> _What to do_: Lines in the records below that contain the word "True" must each be copied.

[Collected data]
(* For $n\in\mathbb{N}$, $z(n)=f(n)$ if and only if $n=0$ or $n=F_{2k+1}$ for some integer $k\ge0$.
   Context: $\mathbb{N}=\{0,1,2,\dots\}$. Fibonacci numbers: $F_0=0$, $F_1=1$, $F_k=F_{k-1}+F_{k-2}$. The sequence $f:\mathbb{N}\to\mathbb{N}$ is defined greedily: $f(0)=0$, and for $n\ge1$, $f(n)$ is the least natural number such that (i) $f(n)\notin\{f(0),f(1),\dots,f(n-1)\}$ and (ii) $\sum_{1\le i\le n} f(i)$ is divisible by $n$. The sequence $z:\mathbb{N}\to\mathbb{N}$ is defined greedily: $z(0)=0$, and for $n\ge1$, $z(n)$ is the least natural number such that (i) $z(n)\notin\{z(0),\dots,z(n-1)\}$ and (ii) $\sum_{2\le i\le n} z(i)$ is divisible by $n+1$ (the empty sum being $0$). *)

theory Defs
  imports Main "HOL-Number_Theory.Fib"
begin

fun fvals :: "nat \<Rightarrow> nat list" where
  "fvals 0 = [0]"
| "fvals (Suc n) = fvals n @
     [LEAST v. v \<notin> set (fvals n) \<and> Suc n dvd (sum_list (tl (fvals n)) + v)]"

definition fseq :: "nat \<Rightarrow> nat" where
  "fseq n = last (fvals n)"

text \<open>zvals n = [z 0, ..., z n]; condition: sum over 2 \<le> i \<le> n of z i divisible by n+1.\<close>
fun zvals :: "nat \<Rightarrow> nat list" where
  "zvals 0 = [0]"
| "zvals (Suc n) = zvals n @
     [LEAST v. v \<notin> set (zvals n) \<and>
        (Suc n + 1) dvd (if Suc n \<ge> 2 then sum_list (drop 2 (zvals n)) + v else 0)]"

definition zseq :: "nat \<Rightarrow> nat" where
  "zseq n = last (zvals n)"

end

theory Submission
  imports Defs
begin

(*
  Put \<alpha> = (sqrt 5 - 1) / 2 and b m = \<lfloor>m \<alpha>\<rfloor>. Then
    f (m + 1) = b m + 1 + [b (m + 1) > b m] (m + 1)   and   f 1 + ... + f n = n (b n + 1),
  and z has the same shape one index later:
    z n = l (n - 1) + [l n > l (n - 1)] (n + 1)   and   z 2 + ... + z n = (n + 1) l n,
  where l n = b (n + 1) - [n + 1 = F (2k + 1) for some k \<ge> 1]. Both closed forms are checked
  against the greedy rule: after the previous terms, the least admissible value is the current
  level if that is still unused and the level plus the modulus otherwise, and the level has been
  used exactly when it jumps. For f this comes down to the values of b (b m + j), computed from
  \<alpha>\<^sup>2 = 1 - \<alpha>; for z one also needs F (2k + 1) \<alpha> = F (2k) + \<alpha> ^ (2k + 1), which fixes b
  around the odd-indexed Fibonacci numbers. Comparing the closed forms, z n = f n exactly there.
*)

section \<open>Least unused solutions of a residue condition\<close>

lemma dvd_residue_cases:
  fixes n c y :: nat
  assumes "Suc n dvd n * c + y" "c \<le> n"
  shows "y = c \<or> c + Suc n \<le> y"
proof (cases "c \<le> y")
  case True
  then have "n * c + y = Suc n * c + (y - c)" by simp
  with assms(1) have "Suc n dvd y - c" by (metis dvd_add_right_iff dvd_triv_left)
  then show ?thesis using True by (cases "y = c") (auto dest: dvd_imp_le)
next
  case False
  then have "n * c + y + (c - y) = Suc n * c" by simp
  with assms(1) have "Suc n dvd c - y" by (metis dvd_add_right_iff dvd_triv_left)
  then have "Suc n \<le> c - y" using False by (intro dvd_imp_le) auto
  with assms(2) show ?thesis by simp
qed

lemma Least_unused_residue:
  fixes n c v :: nat and U :: "nat set"
  assumes "c \<le> n" "v \<notin> U" "v = c \<or> c \<in> U \<and> v = c + Suc n"
  shows "(LEAST y. y \<notin> U \<and> Suc n dvd n * c + y) = v"
proof (rule Least_equality)
  have "n * c + c = Suc n * c" "n * c + (c + Suc n) = Suc n * Suc c" by simp_all
  then show "v \<notin> U \<and> Suc n dvd n * c + v" using assms(2,3) by (metis dvd_triv_left)
next
  fix y assume "y \<notin> U \<and> Suc n dvd n * c + y"
  then show "v \<le> y" using dvd_residue_cases[of n c y] assms by auto
qed

lemma sum_list_map_upt_Suc: "sum_list (map h [a..<Suc n]) = sum h {a..n}"
  by (simp only: interv_sum_list_conv_sum_set_nat set_upt atLeastLessThanSuc_atLeastAtMost)

section \<open>The lower Beatty sequence of the golden ratio conjugate\<close>

definition \<alpha> :: real where "\<alpha> = (sqrt 5 - 1) / 2"

lemma alpha_sq: "\<alpha> * \<alpha> = 1 - \<alpha>"
  unfolding \<alpha>_def by (simp add: field_simps)

lemma alpha_cube: "\<alpha> ^ 3 = 2 * \<alpha> - 1"
  by (simp add: power3_eq_cube alpha_sq algebra_simps)

lemma alpha_bounds: "3/5 < \<alpha>" "\<alpha> < 5/8"
proof -
  have "sqrt ((11/5) ^ 2) < sqrt (5::real)" "sqrt (5::real) < sqrt ((9/4) ^ 2)"
    by (intro real_sqrt_less_mono; simp add: power2_eq_square)+
  then show "3/5 < \<alpha>" "\<alpha> < 5/8" unfolding \<alpha>_def by simp_all
qed

lemma int_square_eq_five_times_square:
  fixes r m :: int
  assumes "r ^ 2 = 5 * m ^ 2"
  shows "m = 0"
  using assms
proof (induction "nat \<bar>m\<bar>" arbitrary: r m rule: less_induct)
  case less
  have "r ^ 2 mod 5 = 0" using less.prems by simp
  then have "(r mod 5) ^ 2 mod 5 = 0" by (metis power_mod)
  moreover have "r mod 5 \<in> {0, 1, 2, 3, 4}" by auto
  ultimately have "r mod 5 = 0" by auto
  then obtain s where "r = 5 * s" by auto
  then have m_sq: "m ^ 2 = 5 * s ^ 2" using less.prems by (simp add: power_mult_distrib)
  show "m = 0"
  proof (rule ccontr)
    assume "m \<noteq> 0"
    with m_sq have "s ^ 2 < m ^ 2" by (smt (verit) zero_less_power2)
    then have "nat \<bar>s\<bar> < nat \<bar>m\<bar>" using abs_le_square_iff not_less by auto
    with less.hyps m_sq have "s = 0" by blast
    with m_sq \<open>m \<noteq> 0\<close> show False by simp
  qed
qed

lemma mult_alpha_in_Ints_iff: "real m * \<alpha> \<in> \<int> \<longleftrightarrow> m = 0"
proof
  assume "real m * \<alpha> \<in> \<int>"
  then obtain k where "real m * \<alpha> = of_int k" by (elim Ints_cases)
  then have "sqrt 5 * real m = of_int (2 * k + int m)" unfolding \<alpha>_def by (simp add: field_simps)
  then have "(sqrt 5 * real m) ^ 2 = of_int ((2 * k + int m) ^ 2)" by simp
  then have "of_int ((2 * k + int m) ^ 2) = (of_int (5 * int m ^ 2) :: real)"
    by (simp add: power_mult_distrib)
  then have "(2 * k + int m) ^ 2 = 5 * int m ^ 2" by (simp only: of_int_eq_iff)
  then show "m = 0" using int_square_eq_five_times_square[of "2 * k + int m" "int m"] by simp
qed simp

definition beatty :: "nat \<Rightarrow> nat" where
  "beatty m = nat \<lfloor>real m * \<alpha>\<rfloor>"

lemma of_nat_beatty: "real (beatty m) = real m * \<alpha> - frac (real m * \<alpha>)"
  unfolding beatty_def frac_def using alpha_bounds by simp

lemma beatty_eqI: "real k \<le> real m * \<alpha> \<Longrightarrow> real m * \<alpha> < real k + 1 \<Longrightarrow> beatty m = k"
  unfolding beatty_def by (metis floor_unique nat_int of_int_of_nat_eq)

lemma beatty_mono: "m \<le> n \<Longrightarrow> beatty m \<le> beatty n"
  unfolding beatty_def using alpha_bounds by (intro nat_mono floor_mono mult_right_mono) auto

> _Solution for this problem_:
  case True
  then show ?thesis using True by (cases "y = c") (auto dest: dvd_imp_le)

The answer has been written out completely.